Here, the first column (course code) is unique across various rows. So, it is a superkey. Consider the combination of columns (course code, professor name). It is also unique across various rows. So, it is also a superkey. A superkey is basically a set of columns such that the value of that set of columns is unique across various rows. That is, no 2 rows have the same set of values for those columns.

Some of the superkeys for the table above are:

  • Course code
  • Course code, professor name
  • Course code, professor mobile number

A superkey whose size (number of columns) is the smallest is called as a candidate key. For instance, the first superkey above has just 1 column. The second one and the last one have 2 columns. So, the first superkey (Course code) is a candidate key.

Boyce-Codd Normal Form says that if there is a functional dependency A → B, then either A is a superkey or it is a trivial functional dependency.
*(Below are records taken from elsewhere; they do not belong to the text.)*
(* Let $(W,S,A,\alpha,\beta,R)$ be a POMDP, $\gamma\in(0,1)$ a discount factor and $\mu\in\Delta_W$ a start distribution. Then there is a stationary policy $\pi^\ast\in\Delta_{S,A}$ that is deterministic on each $s\in S$ with $|\operatorname{supp}(\beta(s|\cdot))|\le1$ (i.e. $\pi^\ast(\cdot|s)$ is a point mass for each such $s$) and satisfies $\mathcal{R}^\gamma_\mu(\pi^\ast)\ge\mathcal{R}^\gamma_\mu(\pi)$ for all $\pi\in\Delta_{S,A}$.
   Context: A POMDP is a tuple $(W,S,A,\alpha,\beta,R)$ with $W,S,A$ finite sets, $\beta(s|w)$ a Markov kernel from $W$ to $S$, $\alpha(w'|w,a)$ a Markov kernel from $W\times A$ to $W$, and $R\colon W\times A\to\mathbb{R}$. A stationary policy is a Markov kernel $\pi(a|s)$ from $S$ to $A$; $\Delta_{S,A}$ is the set of these. Running $\pi$ means: $w_0\sim\mu$, and at each time $t$ a sensor state $s_t\sim\beta(\cdot|w_t)$ is observed, an action $a_t\sim\pi(\cdot|s_t)$ is chosen, and $w_{t+1}\sim\alpha(\cdot|w_t,a_t)$. The discounted expected reward is $\mathcal{R}^\gamma_\mu(\pi)=\lim_{T\to\infty}\mathbb{E}\big[\sum_{t=0}^{T-1}\gamma^tR(w_t,a_t)\big]$ under this process. $\operatorname{supp}(\beta(s|\cdot))=\{w\colon\beta(s|w)>0\}$. *)

theory Defs
  imports "HOL-Analysis.Analysis"
begin

text \<open>Finite sets W, S, A are modelled by finite types 'w, 's, 'a.
  A probability distribution on a finite type is a nonnegative function summing to 1.
  A Markov kernel K from X to Y is written K x y = K(y|x).\<close>

definition prob_dist :: "('x::finite \<Rightarrow> real) \<Rightarrow> bool" where
  "prob_dist p \<longleftrightarrow> (\<forall>x. 0 \<le> p x) \<and> (\<Sum>x\<in>UNIV. p x) = 1"

definition markov_kernel :: "('x \<Rightarrow> 'y::finite \<Rightarrow> real) \<Rightarrow> bool" where
  "markov_kernel K \<longleftrightarrow> (\<forall>x. prob_dist (K x))"

text \<open>Distribution of the world state w_t when running policy pi:
  alpha w a w' = alpha(w'|w,a), beta w s = beta(s|w), pol s a = pi(a|s).\<close>

fun state_dist ::
  "('w::finite \<Rightarrow> 'a::finite \<Rightarrow> 'w \<Rightarrow> real) \<Rightarrow> ('w \<Rightarrow> 's::finite \<Rightarrow> real) \<Rightarrow>
   ('s \<Rightarrow> 'a \<Rightarrow> real) \<Rightarrow> ('w \<Rightarrow> real) \<Rightarrow> nat \<Rightarrow> 'w \<Rightarrow> real" where
  "state_dist alpha beta pol mu 0 = mu"
| "state_dist alpha beta pol mu (Suc t) =
     (\<lambda>w'. \<Sum>w\<in>UNIV. \<Sum>s\<in>UNIV. \<Sum>a\<in>UNIV.
        state_dist alpha beta pol mu t w * beta w s * pol s a * alpha w a w')"

definition exp_reward ::
  "('w::finite \<Rightarrow> 'a::finite \<Rightarrow> 'w \<Rightarrow> real) \<Rightarrow> ('w \<Rightarrow> 's::finite \<Rightarrow> real) \<Rightarrow>
   ('w \<Rightarrow> 'a \<Rightarrow> real) \<Rightarrow> ('s \<Rightarrow> 'a \<Rightarrow> real) \<Rightarrow> ('w \<Rightarrow> real) \<Rightarrow> nat \<Rightarrow> real" where
  "exp_reward alpha beta R pol mu t =
     (\<Sum>w\<in>UNIV. \<Sum>s\<in>UNIV. \<Sum>a\<in>UNIV.
        state_dist alpha beta pol mu t w * beta w s * pol s a * R w a)"

definition disc_reward ::
  "('w::finite \<Rightarrow> 'a::finite \<Rightarrow> 'w \<Rightarrow> real) \<Rightarrow> ('w \<Rightarrow> 's::finite \<Rightarrow> real) \<Rightarrow>
   ('w \<Rightarrow> 'a \<Rightarrow> real) \<Rightarrow> real \<Rightarrow> ('w \<Rightarrow> real) \<Rightarrow> ('s \<Rightarrow> 'a \<Rightarrow> real) \<Rightarrow> real" where
  "disc_reward alpha beta R gamma mu pol =
     lim (\<lambda>T. \<Sum>t<T. gamma ^ t * exp_reward alpha beta R pol mu t)"

end

theory Submission
  imports Defs
begin
(* Let $q$ be a prime, $n\ge 1$, and let $f:\mathbb{Z}_q^n\to\mathbb{C}$ be any function. Then $$\sum_{k=0}^n\frac{\widehat{A}_k[f]}{(q-1)^k\binom{n}{k}}=\frac{(n+1)(q-1)}{q^{1+n/2}}\sum_{m=0}^n\frac{A_m[f]}{m+1}\left(1-\frac{(-1)^{m+1}}{(q-1)^{m+1}}\right).$$
   Context: For $x=(x_1,\dots,x_n)\in\mathbb{Z}_q^n$ (identified with $GF(q)^n$), the weight ${\rm wt}(x)$ is the number of nonzero coordinates. The inner product is $(x,z)=\sum_i x_iz_i \bmod q$. The Fourier transform of $f$ is $\widehat{f}(z)=q^{-n/2}\sum_{x\in\mathbb{Z}_q^n}f(x)\,\omega^{(x,z)}$ with $\omega=e^{2\pi i/q}$. Define $A_k[f]=\sum_{z:\,{\rm wt}(z)=k}f(z)$ and $\widehat{A}_k[f]=\sum_{z:\,{\rm wt}(z)=k}\widehat{f}(z)$. *)

theory Defs
  imports "HOL-Analysis.Analysis"
begin

text \<open>Z_q^n is modelled as functions nat \<Rightarrow> nat with values in {0..<q} on
  indices {0..<n} and the default value 0 outside.\<close>

definition vecs :: "nat \<Rightarrow> nat \<Rightarrow> (nat \<Rightarrow> nat) set" where
  "vecs q n = PiE {0..<n} (\<lambda>_. {0..<q})"

definition wt :: "nat \<Rightarrow> (nat \<Rightarrow> nat) \<Rightarrow> nat" where
  "wt n x = card {i \<in> {0..<n}. x i \<noteq> 0}"

definition inner_q :: "nat \<Rightarrow> nat \<Rightarrow> (nat \<Rightarrow> nat) \<Rightarrow> (nat \<Rightarrow> nat) \<Rightarrow> nat" where
  "inner_q q n x z = (\<Sum>i<n. x i * z i) mod q"

definition omega :: "nat \<Rightarrow> complex" where
  "omega q = exp (2 * of_real pi * \<i> / of_nat q)"

definition fourier :: "nat \<Rightarrow> nat \<Rightarrow> ((nat \<Rightarrow> nat) \<Rightarrow> complex) \<Rightarrow> (nat \<Rightarrow> nat) \<Rightarrow> complex" where
  "fourier q n f z = of_real (real q powr (- real n / 2)) *
     (\<Sum>x\<in>vecs q n. f x * omega q ^ inner_q q n x z)"

definition A_k :: "nat \<Rightarrow> nat \<Rightarrow> ((nat \<Rightarrow> nat) \<Rightarrow> complex) \<Rightarrow> nat \<Rightarrow> complex" where
  "A_k q n f k = (\<Sum>z\<in>{z \<in> vecs q n. wt n z = k}. f z)"

definition Ahat_k :: "nat \<Rightarrow> nat \<Rightarrow> ((nat \<Rightarrow> nat) \<Rightarrow> complex) \<Rightarrow> nat \<Rightarrow> complex" where
  "Ahat_k q n f k = A_k q n (fourier q n f) k"

end

theory Submission
  imports Defs
begin
text \<open>Alternate between \<open>C\<close> and \<open>E\<close>; as \<open>cf \<delta> > \<omega>\<close>, the supremum of the resulting
  \<open>\<omega>\<close>-sequence stays below \<open>\<delta>\<close>.\<close>

lemma common_limit_point_below:
  assumes cof: "cof_eq r \<delta> k" "natLeq <o k"
    and C: "\<And>\<beta>. olt r \<beta> \<delta> \<Longrightarrow> \<exists>x\<in>C. olt r \<beta> x \<and> olt r x \<delta>"
    and E: "\<And>\<beta>. olt r \<beta> \<delta> \<Longrightarrow> \<exists>x\<in>E. olt r \<beta> x \<and> olt r x \<delta>"
    and \<alpha>: "olt r \<alpha> \<delta>"
  obtains \<gamma> where "olt r \<alpha> \<gamma>" "olt r \<gamma> \<delta>" "limit_point r C \<gamma>" "limit_point r E \<gamma>"
proof -
  obtain h where h: "\<And>\<beta>. olt r \<beta> \<delta> \<Longrightarrow> h \<beta> \<in> C \<and> olt r \<beta> (h \<beta>) \<and> olt r (h \<beta>) \<delta>"
    using C by metis
  obtain g where g: "\<And>\<beta>. olt r \<beta> \<delta> \<Longrightarrow> g \<beta> \<in> E \<and> olt r \<beta> (g \<beta>) \<and> olt r (g \<beta>) \<delta>"
    using E by metis
  define f where "f = rec_nat \<alpha> (\<lambda>_ \<beta>. g (h \<beta>))"
  have f0: "f 0 = \<alpha>" and fSuc: "f (Suc n) = g (h (f n))" for n
    unfolding f_def by simp_all
  have below: "\<And>n. olt r (f n) \<delta>"
    subgoal for n by (induction n) (use \<alpha> h g in \<open>simp_all add: f0 fSuc\<close>)
    done
  have step: "h (f n) \<in> C \<and> olt r (f n) (h (f n)) \<and> olt r (h (f n)) (f (Suc n)) \<and> f (Suc n) \<in> E" for n
    using h[OF below[of n]] g fSuc by simp
  have incr: "\<And>n. olt r (f n) (f (Suc n))"
    using step olt_trans by blast
  obtain \<gamma> where \<gamma>: "olt r \<gamma> \<delta>" "\<And>n. olt r (f n) \<gamma>" "\<And>\<alpha>. olt r \<alpha> \<gamma> \<Longrightarrow> \<exists>n. olt r \<alpha> (f n)"
    using increasing_seq_sup_below[where f = f, OF cof incr below] by blast
  have "\<And>n. \<exists>x\<in>C. olt r (f n) x \<and> (x, f (Suc n)) \<in> r"
    using step olt_imp_le by blast
  with \<gamma>(2,3) have "limit_point r C \<gamma>" by (rule limit_point_if_interleaved)
  moreover have "\<And>n. \<exists>x\<in>E. olt r (f n) x \<and> (x, f (Suc n)) \<in> r"
    using step incr olt_FieldD REFL by (blast dest: refl_onD)
  with \<gamma>(2,3) have "limit_point r E \<gamma>" by (rule limit_point_if_interleaved)
  ultimately show thesis using that \<gamma>(1) \<gamma>(2)[of 0] f0 by simp
qed

lemma unbounded_below_Int_club:
  assumes cof: "cof_eq r \<delta> k" "natLeq <o k" and C: "club_below r \<delta> C"
    and E: "club r E" and \<delta>E: "limit_point r E \<delta>"
  shows "unbounded_below r \<delta> (C \<inter> E)"
  unfolding unbounded_below_def
proof (intro conjI ballI)
  have Cu: "unbounded_below r \<delta> C" and Cc: "closed_below r \<delta> C"
    using C unfolding club_below_def by blast+
  show "C \<inter> E \<subseteq> underS \<delta>" using Cu unfolding unbounded_below_def by blast
  fix \<alpha> assume "\<alpha> \<in> underS \<delta>"
  then have \<alpha>: "olt r \<alpha> \<delta>" by (simp add: underS_iff_olt)
  have "\<exists>x\<in>C. olt r \<beta> x \<and> olt r x \<delta>" if \<beta>: "olt r \<beta> \<delta>" for \<beta>
  proof -
    obtain x where "x \<in> C" "olt r \<beta> x" using unbounded_below_exists_olt[OF cof Cu \<beta>] by blast
    moreover have "x \<in> underS \<delta>" using Cu \<open>x \<in> C\<close> unfolding unbounded_below_def by blast
    then have "olt r x \<delta>" by (simp add: underS_iff_olt)
    ultimately show ?thesis by blast
  qed
  moreover have "\<exists>x\<in>E. olt r \<beta> x \<and> olt r x \<delta>" if "olt r \<beta> \<delta>" for \<beta>
    using \<delta>E that unfolding limit_point_def by blast
  ultimately obtain \<gamma> where \<gamma>: "olt r \<alpha> \<gamma>" "olt r \<gamma> \<delta>" "limit_point r C \<gamma>" "limit_point r E \<gamma>"
    using common_limit_point_below[OF cof _ _ \<alpha>] by blast
  have "\<gamma> \<in> underS \<delta>" using \<gamma>(2) by (simp add: underS_iff_olt)
  then have "\<gamma> \<in> C" using Cc \<gamma>(3) unfolding closed_below_def by blast
  moreover have "\<gamma> \<in> E" using E \<gamma>(4) by (rule club_limit_point_mem)
  ultimately show "\<exists>\<beta>\<in>C \<inter> E. (\<alpha>, \<beta>) \<in> r" using \<gamma>(1) olt_imp_le by blast
qed

end

section \<open>Clubs of an uncountable regular cardinal\<close>

locale uncountable_regular_card =
  fixes r :: "'a rel"
  assumes card_order: "Card_order r" and regular: "regularCard r" and uncountable: "natLeq <o r"
begin

sublocale wo_rel r using card_order by (rule Card_order_wo_rel)

lemma infinite_Field: "infinite (Field r)"
proof -
  have "natLeq \<le>o r" using uncountable by (rule ordLess_imp_ordLeq)
  also have "r =o |Field r|" using card_of_Field_ordIso[OF card_order] by (rule ordIso_symmetric)
  finally show ?thesis using infinite_iff_natLeq_ordLeq by blast
qed

lemma finite_ordLess:
  assumes "finite A"
  shows "|A| <o r"
proof -
  have "|A| <o |Field r|"
    using finite_ordLess_infinite[of "|A|" "|Field r|"] assms infinite_Field
    by (simp add: card_of_well_order_on Field_card_of)
  then show ?thesis using card_of_Field_ordIso[OF card_order] by (rule ordLess_ordIso_trans)
qed

lemma range_nat_ordLess: "|range (f :: nat \<Rightarrow> 'a)| <o r"
proof -
  have "|range f| \<le>o |UNIV :: nat set|" by (rule card_of_image)
  also have "|UNIV :: nat set| =o natLeq" by (rule card_of_nat)
  finally show ?thesis using uncountable by (rule ordLeq_ordLess_trans)
qed

lemma small_set_bounded:
  assumes "A \<subseteq> Field r" "|A| <o r"
  obtains b where "b \<in> Field r" "\<And>a. a \<in> A \<Longrightarrow> (a, b) \<in> r"
proof -
  have "\<not> cofinal A r"
  proof
    assume "cofinal A r"
    then have "|A| =o r" using regular assms(1) unfolding regularCard_def by blast
    then show False using assms(2) not_ordLess_ordIso by blast
  qed
  then obtain b where b: "b \<in> Field r" "\<forall>a\<in>A. \<not> (b \<noteq> a \<and> (b, a) \<in> r)"
    unfolding cofinal_def by blast
  have "(a, b) \<in> r" if "a \<in> A" for a
    using b that assms(1) le_or_olt[of a b] unfolding olt_def by blast
  then show thesis using that b(1) by blast
qed

lemma club_exists_olt:
  assumes "club r E" "a \<in> Field r"
  shows "\<exists>e\<in>E. olt r a e"
proof -
  obtain b where b: "olt r a b"
    using infinite_Card_order_limit[OF card_order infinite_Field assms(2)] unfolding olt_def by blast
  then obtain e where "e \<in> E" "(b, e) \<in> r" using assms(1) olt_FieldD(2) unfolding club_def by blast
  then show ?thesis using b olt_le_trans by blast
qed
A trivial functional dependency means that all columns of B are contained in the columns of A. For instance, (course code, professor name) → (course code) is a trivial functional dependency because when we know the value of course code and professor name, we do know the value of course code and so, the dependency becomes trivial.

Let us understand what’s going on:

A is a superkey: this means that only and only on a superkey column should it be the case that there is a dependency of other columns. Basically, if a set of columns (B) can be determined knowing some other set of columns (A), then A should be a superkey. Superkey basically determines each row uniquely.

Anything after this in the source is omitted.